When you creates something as singularly wonderful as Freaks and Geeks, I really want to be on your side and love everything you make from then on.  When the first trailers for Bridesmaids came out, I admit I was pretty underwhelmed.  But Kristen Wiig can be plenty funny and a few friends really enjoyed the film so I went into it with an open mind.  I ultimately found it to be only moderately better than average, with some serious laughs that were a bit too few and far between.  The same could be said about The Heat.

I'll be honest: at this point I have absolutely no comedic interest in Sandra Bullock.  I loved her early work in stuff like Speed, The Net and even Demolition Man.  I think she carries serious dramatic weight in stuff like The Blind Side or the upcoming Gravity, which I'm just dying to see.  But her buttoned-down, socially awkward shtick from stuff like Miss Congeniality or The Proposal is not only unfunny, it's downright boring to watch.  I was really hoping that Feig and McCarthy would be able to coax something edgier or more compelling out of her, but Bullock's FBI agent Sarah Ashburn is simply more of the same.  I just don't think she's very funny.  But hey, if you enjoy her comedy work and this trailer made you laugh, then I'm sure The Heat is your kind of flick.

McCarthy on the other hand is top notch, taking a character that is literally described as a bull in a china shop and imparting upon her a remarkable sense of not only depth, but also grace - no easy feat considering the high percentage of her dialogue which is just the word "fuck."  Her East Boston beat cop Shannon Mullins is the terror of her precinct, scaring the living piss out of her fellow male officers.  But she's also got a big heart, the kind of person who became a cop so she could keep her neighborhood safe.  And her family hates her because she sent one of her four brothers to prison on drug charges, but she did it out of love, the only way she could think of to protect him.  It's the kind of backstory material that would easily fall flat in the hands of a lesser performer, but McCarthy really makes it work.  For all her profane bluster, Mullins is actually a total sweetheart and that's 100% due to McCarthy's incredible pathos.
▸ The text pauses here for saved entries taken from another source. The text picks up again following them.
lemma dom_reach_superset:
  assumes fin: "finite V" and dA: "dominating_set V E A"
    and AB: "A \<subseteq> B" and BV: "B \<subseteq> V" and cB: "card B \<le> k"
  shows "dom_reach V E k A B"
proof -
  have "dom_reach V E k A (A \<union> C)"
    if "finite C" "C \<subseteq> B - A" for C
    using that
  proof (induction C rule: finite_induct)
    case empty
    then show ?case by simp
  next
    case (insert x C)
    have fB: "finite B" using BV fin finite_subset by blast
    have sub: "A \<union> insert x C \<subseteq> B" "A \<union> C \<subseteq> B" using AB insert.prems by auto
    have dom: "dominating_set V E (A \<union> C)" "dominating_set V E (A \<union> insert x C)"
      using dominating_set_superset[OF dA, of "A \<union> C"]
        dominating_set_superset[OF dA, of "A \<union> insert x C"] sub BV by auto
    have "card (A \<union> insert x C) \<le> k" "card (A \<union> C) \<le> k"
      using card_mono[OF fB sub(1)] card_mono[OF fB sub(2)] cB by auto
    moreover have "(A \<union> C - (A \<union> insert x C)) \<union> (A \<union> insert x C - (A \<union> C)) = {x}"
      using insert.hyps insert.prems by auto
    ultimately have "dom_graph_adj V E k (A \<union> C) (A \<union> insert x C)"
      using dom unfolding dom_graph_adj_def dom_graph_verts_def by blast
    then show ?case using insert by (meson rtranclp.rtrancl_into_rtrancl subset_insertI2 insert_subset)
  qed
  moreover have "finite (B - A)" using BV fin finite_subset by blast
  moreover have "A \<union> (B - A) = B" using AB by auto
  ultimately show ?thesis by (metis order_refl)
qed

lemma dom_graph_connected_hub:
  assumes "\<And>A. A \<in> dom_graph_verts V E k \<Longrightarrow> dom_reach V E k A H"
  shows "dom_graph_connected V E k"
  unfolding dom_graph_connected_def
proof (intro ballI)
  fix A B assume "A \<in> dom_graph_verts V E k" "B \<in> dom_graph_verts V E k"
  then have "dom_reach V E k A H" "dom_reach V E k H B"
    using assms dom_reach_sym by blast+
  then show "dom_reach V E k A B" by (rule rtranclp_trans)
qed

(* Every dominating set of a finite graph contains a minimal dominating set:
   take a dominating subset of least cardinality. *)
lemma minimal_dominating_subset:
  assumes fin: "finite V" and dA: "dominating_set V E A"
  obtains A' where "A' \<subseteq> A" "minimal_dominating_set V E A'"
proof -
  obtain A' where A': "A' \<subseteq> A \<and> dominating_set V E A'"
    and least: "\<And>T. T \<subseteq> A \<and> dominating_set V E T \<Longrightarrow> card A' \<le> card T"
    using ex_has_least_nat[of "\<lambda>T. T \<subseteq> A \<and> dominating_set V E T" A card] dA by blast
  have finA: "finite A" using dA fin finite_subset unfolding dominating_set_def by blast
  have "\<not> dominating_set V E T" if T: "T \<subset> A'" for T
  proof
    assume "dominating_set V E T"
    then have "card A' \<le> card T" using least T A' by blast
    moreover have "card T < card A'"
      using T A' finA by (meson psubset_card_mono finite_subset)
    ultimately show False by simp
  qed
  then show ?thesis using that A' unfolding minimal_dominating_set_def by blast
qed

lemma domination_number_attained:
  assumes fin: "finite V"
  obtains D where "dominating_set V E D" "card D = domination_number V E"
proof -
  have "finite {card S | S. dominating_set V E S}"
    by (rule finite_subset[of _ "{..card V}"]) (auto simp: dominating_set_def fin card_mono)
  moreover have "dominating_set V E V" unfolding dominating_set_def by auto
  ultimately have "domination_number V E \<in> {card S | S. dominating_set V E S}"
    unfolding domination_number_def by (intro Min_in) auto
  then show ?thesis using that by auto
qed

lemma card_minimal_dominating_set_le:
  assumes fin: "finite V" and "minimal_dominating_set V E S"
  shows "card S \<le> upper_domination_number V E"
proof -
  have "finite {card S | S. minimal_dominating_set V E S}"
    by (rule finite_subset[of _ "{..card V}"])
      (auto simp: minimal_dominating_set_def dominating_set_def fin card_mono)
  then show ?thesis unfolding upper_domination_number_def using assms(2) by (auto intro: Max_ge)
qed

lemma dom_graph_connected_Gamma_gamma:
  assumes G: "simple_graph V E"
    and kk: "upper_domination_number V E + domination_number V E \<le> k"
  shows "dom_graph_connected V E k"
proof -
  have fin: "finite V" using G unfolding simple_graph_def by auto
  obtain D where dD: "dominating_set V E D" and cD: "card D = domination_number V E"
    using domination_number_attained[OF fin] by blast
  show ?thesis
  proof (rule dom_graph_connected_hub)
    fix A assume "A \<in> dom_graph_verts V E k"
    then have dA: "dominating_set V E A" and cA: "card A \<le> k"
      unfolding dom_graph_verts_def by auto
    obtain A' where A'A: "A' \<subseteq> A" and mA': "minimal_dominating_set V E A'"
      using minimal_dominating_subset[OF fin dA] by blast
    have dA': "dominating_set V E A'" using mA' unfolding minimal_dominating_set_def by auto
    have sub: "A \<subseteq> V" "A' \<union> D \<subseteq> V"
      using dA dA' dD unfolding dominating_set_def by auto
    have cU: "card (A' \<union> D) \<le> k"
      using card_Un_le[of A' D] card_minimal_dominating_set_le[OF fin mA'] cD kk by linarith
    have "dom_reach V E k A A'"
      using dom_reach_sym dom_reach_superset[OF fin dA' A'A sub(1) cA] by blast
    also have "dom_reach V E k A' (A' \<union> D)"
      using dom_reach_superset[OF fin dA' _ sub(2) cU] by blast
    also have "dom_reach V E k (A' \<union> D) D"
      using dom_reach_sym dom_reach_superset[OF fin dD _ sub(2) cU] by blast
    finally show "dom_reach V E k A D" .
  qed
qed

lemma dom_reach_co_singletons:
  assumes fin: "finite V" and kk: "card V - 1 \<le> k" and uv: "u \<in> V" "v \<in> V"
    and d: "dominating_set V E (V - {u, v})"
  shows "dom_reach V E k (V - {u}) (V - {v})"
proof -
  have "dom_reach V E k (V - {u, v}) (V - {x})" if x: "x \<in> {u, v}" for x
  proof (rule dom_reach_superset[OF fin d])
    show "card (V - {x}) \<le> k" using x uv fin kk by (auto simp: card_Diff_singleton)
  qed (use x in auto)
  then have "dom_reach V E k (V - {u}) (V - {u, v})" "dom_reach V E k (V - {u, v}) (V - {v})"
    using dom_reach_sym by blast+
  then show ?thesis by (rule rtranclp_trans)
qed

(* A pendant edge x z (z the only neighbour of x) is bypassed using any edge w y avoiding
   {x, z}: V - {x} --- V - {w} --- V - {z}. *)
lemma dom_reach_pendant:
  assumes G: "simple_graph V E" and kk: "card V - 1 \<le> k"
    and xz: "E x z" and pendant: "\<forall>y. E x y \<longrightarrow> y = z"
    and wy: "E w y" and avoid: "{w, y} \<inter> {x, z} = {}"
  shows "dom_reach V E k (V - {x}) (V - {z})"
proof -
  have fin: "finite V" and Ep: "\<And>u v. E u v \<Longrightarrow> u \<in> V \<and> v \<in> V \<and> u \<noteq> v \<and> E v u"
    using G unfolding simple_graph_def by blast+
  have "dominating_set V E (V - {x, w})" "dominating_set V E (V - {w, z})"
    using xz wy Ep[OF xz] Ep[OF wy] avoid by (intro dominating_set_Diff; auto)+
  then have "dom_reach V E k (V - {x}) (V - {w})" "dom_reach V E k (V - {w}) (V - {z})"
    using dom_reach_co_singletons[OF fin kk] Ep[OF xz] Ep[OF wy] by (auto simp: insert_commute)
  then show ?thesis by (rule rtranclp_trans)
qed

(* In a graph with two disjoint edges, every edge x z with x pendant is avoided by one of them:
   an edge through x is x z itself, and z cannot lie on both disjoint edges. *)
lemma edge_avoiding_pendant_edge:
  assumes G: "simple_graph V E"
    and disj: "E a b" "E c d" "{a, b} \<inter> {c, d} = {}"
    and pendant: "\<forall>y. E x y \<longrightarrow> y = z"
  obtains w y where "E w y" "{w, y} \<inter> {x, z} = {}"
proof -
  have through_x: "{p, q} = {x, z}" if "x \<in> {p, q}" "E p q" for p q
  proof -
    have "E q p" using that(2) G unfolding simple_graph_def by blast
    then show ?thesis using that pendant by auto
  qed
  consider "x \<in> {a, b}" | "x \<in> {c, d}" | "x \<notin> {a, b}" "x \<notin> {c, d}" by blast
  then have "{a, b} \<inter> {x, z} = {} \<or> {c, d} \<inter> {x, z} = {}"
  proof cases
    case 1
    then show ?thesis using through_x[OF 1 disj(1)] disj(3) by auto
  next
    case 2
    then show ?thesis using through_x[OF 2 disj(2)] disj(3) by auto
  next
    case 3
    then show ?thesis using disj(3) by blast
  qed
  then show ?thesis using that disj by blast
qed
lemma dual_value_le_SUP_at_right: "dual_value v \<le> (SUP e\<in>{0<..}. v e)"
  unfolding dual_value_def
proof (rule SUP_least)
  fix s :: real assume "s \<in> {0..}"
  then have s: "0 \<le> s" by simp
  show "(INF r. v r + ereal (s * r)) \<le> (SUP e\<in>{0<..}. v e)"
  proof (rule ereal_le_epsilon2)
    fix d :: real assume d: "0 < d"
    define e where "e = d / (s + 1)"
    have e: "0 < e" "s * e \<le> d"
      using s d by (auto simp: e_def field_simps)
    have "(INF r. v r + ereal (s * r)) \<le> v e + ereal (s * e)"
      by (rule INF_lower) simp
    also have "\<dots> \<le> (SUP e\<in>{0<..}. v e) + ereal d"
      using e by (intro add_mono SUP_upper) auto
    finally show "(INF r. v r + ereal (s * r)) \<le> (SUP e\<in>{0<..}. v e) + ereal d" .
  qed
qed

lemma convex_antimono_affine_minorant:
  fixes v :: "real \<Rightarrow> ereal"
  assumes conv: "ereal_convex v" and anti: "antimono v"
    and l: "(SUP t\<in>{0<..}. v t) = ereal l"
    and e: "0 < e" and w: "v e = ereal w" "l - d < w"
    and a: "v r \<le> ereal a"
  shows "l - d \<le> a + (l - w) / e * r"
proof -
  have below_l: "v t \<le> ereal l" if "0 < t" for t
    using l that by (metis SUP_upper greaterThan_iff)
  have above_l: "ereal l \<le> v 0"
    unfolding l[symmetric] by (rule SUP_least) (auto intro: antimonoD[OF anti])
  have "w \<le> l" using below_l[OF e] w by simp
  consider "r < 0" | "0 \<le> r" "r \<le> e" | "e < r" by linarith
  then show ?thesis
  proof cases
    case 1
    define u where "u = e / (e - r)"
    have u: "0 \<le> u" "u \<le> 1" "u *\<^sub>R r + (1 - u) *\<^sub>R e = 0"
      using 1 e by (auto simp: u_def field_simps)
    have "v 0 \<le> ereal (u * a + (1 - u) * w)"
      using ereal_convexD[OF conv a _ u(1,2), of e w] u(3) w by simp
    then have "l \<le> u * a + (1 - u) * w"
      using above_l by (metis ereal_less_eq(3) order_trans)
    then have "(e - r) * l \<le> (e - r) * (u * a + (1 - u) * w)"
      using 1 e by (intro mult_left_mono) auto
    also have "\<dots> = ((e - r) * u) * a + ((e - r) - (e - r) * u) * w"
      by (simp add: algebra_simps)
    also have "\<dots> = e * a - r * w"
      using 1 e by (simp add: u_def)
    finally have "l \<le> a + (l - w) / e * r"
      using e by (simp add: field_simps)
    then show ?thesis using \<open>w \<le> l\<close> w(2) by linarith
  next
    case 2
    have "ereal w \<le> ereal a" using antimonoD[OF anti 2(2)] w a by (metis order_trans)
    moreover have "0 \<le> (l - w) / e * r" using \<open>w \<le> l\<close> e 2 by simp
    ultimately show ?thesis using w(2) by simp
  next
    case 3
    \<comment> \<open>\<open>v 0\<close> may exceed \<open>l\<close>, so take chords from \<open>t \<rightarrow> 0\<^sup>+\<close> instead of from 0\<close>
    let ?u = "\<lambda>t. (e - t) / (r - t)"
    have chord: "w \<le> ?u t * a + (1 - ?u t) * l" if t: "0 < t" "t < e" for t
    proof -
      define u where "u = ?u t"
      have "u * (r - t) = e - t"
        using 3 t by (simp add: u_def)
      then have "u *\<^sub>R r + (1 - u) *\<^sub>R t = e"
        by (simp add: algebra_simps)
      moreover have "0 \<le> u" "u \<le> 1"
        using 3 t by (auto simp: u_def)
      ultimately show ?thesis
        using ereal_convexD[OF conv a below_l[OF t(1)], of u] w by (simp add: u_def)
    qed
    have "((\<lambda>t. ?u t * a + (1 - ?u t) * l) \<longlongrightarrow> e / r * a + (1 - e / r) * l) (at_right 0)"
      using 3 e by (intro tendsto_eq_intros) auto
    then have "w \<le> e / r * a + (1 - e / r) * l"
      by (rule tendsto_lowerbound)
         (use e chord in \<open>auto simp: eventually_at_right[OF e]\<close>)
    then have "l \<le> a + (l - w) / e * r"
      using 3 e by (simp add: field_simps)
    then show ?thesis using \<open>w \<le> l\<close> w(2) by linarith
  qed
qed

lemma INF_le_dual_value:
  assumes "0 \<le> s"
  shows "(INF r. v r + ereal (s * r)) \<le> dual_value v"
  unfolding dual_value_def using assms by (intro SUP_upper) auto

lemma real_SUP_at_right_le_dual_value:
  fixes v :: "real \<Rightarrow> ereal"
  assumes conv: "ereal_convex v" and anti: "antimono v"
    and l: "(SUP t\<in>{0<..}. v t) = ereal l"
  shows "ereal l \<le> dual_value v"
proof (rule ereal_le_epsilon2)
  fix d :: real assume "0 < d"
  then have "ereal (l - d) < (SUP t\<in>{0<..}. v t)" using l by simp
  then obtain e where e: "0 < e" "ereal (l - d) < v e" by (auto simp: less_SUP_iff)
  have "v e \<le> ereal l" using l e(1) by (metis SUP_upper greaterThan_iff)
  then obtain w where w: "v e = ereal w" using e(2) by (cases "v e") auto
  have "w \<le> l" "l - d < w" using w e(2) \<open>v e \<le> ereal l\<close> by auto
  define s where "s = (l - w) / e"
  have "ereal (l - d) \<le> v r + ereal (s * r)" for r
    using convex_antimono_affine_minorant[OF conv anti l e(1) w \<open>l - d < w\<close>]
    by (intro ereal_le_add_real) (simp add: s_def)
  then have "ereal (l - d) \<le> (INF r. v r + ereal (s * r))" by (rule INF_greatest)
  also have "\<dots> \<le> dual_value v"
    using \<open>w \<le> l\<close> e(1) by (intro INF_le_dual_value) (simp add: s_def)
  finally show "ereal l \<le> dual_value v + ereal d"
    by (metis add_right_mono diff_add_cancel plus_ereal.simps(1))
qed

lemma dual_value_eq_infinity:
  fixes v :: "real \<Rightarrow> ereal"
  assumes anti: "antimono v" and top: "(SUP t\<in>{0<..}. v t) = \<infinity>"
    and "dual_value v \<noteq> -\<infinity>"
  shows "dual_value v = \<infinity>"
proof -
  obtain s0 where s0: "0 \<le> s0" "(INF r. v r + ereal (s0 * r)) \<noteq> -\<infinity>"
    using assms(3) unfolding dual_value_def bot_ereal_def[symmetric] SUP_bot_conv by auto
  let ?I = "INF r. v r + ereal (s0 * r)"
  obtain c where c: "ereal c \<le> v r + ereal (s0 * r)" for r
  proof
    fix r
    have "ereal (real_of_ereal ?I) \<le> ?I" using s0(2) by (cases ?I) auto
    also have "?I \<le> v r + ereal (s0 * r)" by (rule INF_lower) simp
    finally show "ereal (real_of_ereal ?I) \<le> v r + ereal (s0 * r)" .
  qed
  show ?thesis
  proof (rule ereal_top)
    fix M :: real
    have "ereal M < (SUP t\<in>{0<..}. v t)" using top by simp
    then obtain e where e: "0 < e" "ereal M < v e" by (auto simp: less_SUP_iff)
    define s where "s = s0 + \<bar>M - c\<bar> / e"
    have "ereal M \<le> v r + ereal (s * r)" for r
    proof (rule ereal_le_add_real)
      fix a assume a: "v r \<le> ereal a"
      consider "r \<le> 0" | "0 < r" "r \<le> e" | "e < r" by linarith
      then show "M \<le> a + s * r"
      proof cases
        case 1
        have "\<infinity> \<le> v 0"
          unfolding top[symmetric] by (rule SUP_least) (auto intro: antimonoD[OF anti])
        then show ?thesis using antimonoD[OF anti 1] a by simp
      next
        case 2
        have "ereal M < ereal a"
          using e(2) antimonoD[OF anti 2(2)] a by (metis less_le_trans order_trans)
        then show ?thesis using 2 e(1) s0(1) by (simp add: s_def add_increasing2)
      next
        case 3
        have "c \<le> a + s0 * r"
          using order_trans[OF c add_right_mono[OF a]] by simp
        moreover have "\<bar>M - c\<bar> \<le> \<bar>M - c\<bar> / e * r"
          using 3 e(1) by (simp add: field_simps mult_right_mono)
        ultimately show ?thesis by (simp add: s_def algebra_simps)
      qed
    qed
    then have "ereal M \<le> (INF r. v r + ereal (s * r))" by (rule INF_greatest)
    also have "\<dots> \<le> dual_value v"
      using s0(1) e(1) by (intro INF_le_dual_value) (simp add: s_def)
    finally show "ereal M \<le> dual_value v" .
  qed
qed

lemma dual_value_eq_SUP_at_right:
  fixes v :: "real \<Rightarrow> ereal"
  assumes conv: "ereal_convex v" and anti: "antimono v"
    and "(SUP t\<in>{0<..}. v t) \<noteq> \<infinity> \<or> dual_value v \<noteq> -\<infinity>"
  shows "dual_value v = (SUP t\<in>{0<..}. v t)"
proof (rule antisym[OF dual_value_le_SUP_at_right])
  show "(SUP t\<in>{0<..}. v t) \<le> dual_value v"
  proof (cases "SUP t\<in>{0<..}. v t")
    case (real l)
    then show ?thesis using real_SUP_at_right_le_dual_value[OF conv anti] by simp
  next
    case PInf
    then show ?thesis using dual_value_eq_infinity[OF anti] assms(3) by simp
  qed simp
qed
I will admit I experienced a spark of excitement during the film's vintage 70's style opening credits, and it's clear that Feig is shooting for the tone of some classic odd couple buddy-cop comedies like the great Midnight Run, Lethal Weapon or 48 Hours.  Those movies live and die on the chemistry between their leads and I'll admit that Bullock and McCarthy are nothing short of great together.  They have a natural rhythm, an easy give and take that just plain works.  Their extended drunken bonding scene in a local dive bar is a riot and when Bullock's character finally loosens up towards the end the two are super watchable.  In fact, there's a scene with a knife in the finale which is simply fantastic.  This kind of connection is a totally intangible thing that simply can't be faked, and these two have unquestionably got it.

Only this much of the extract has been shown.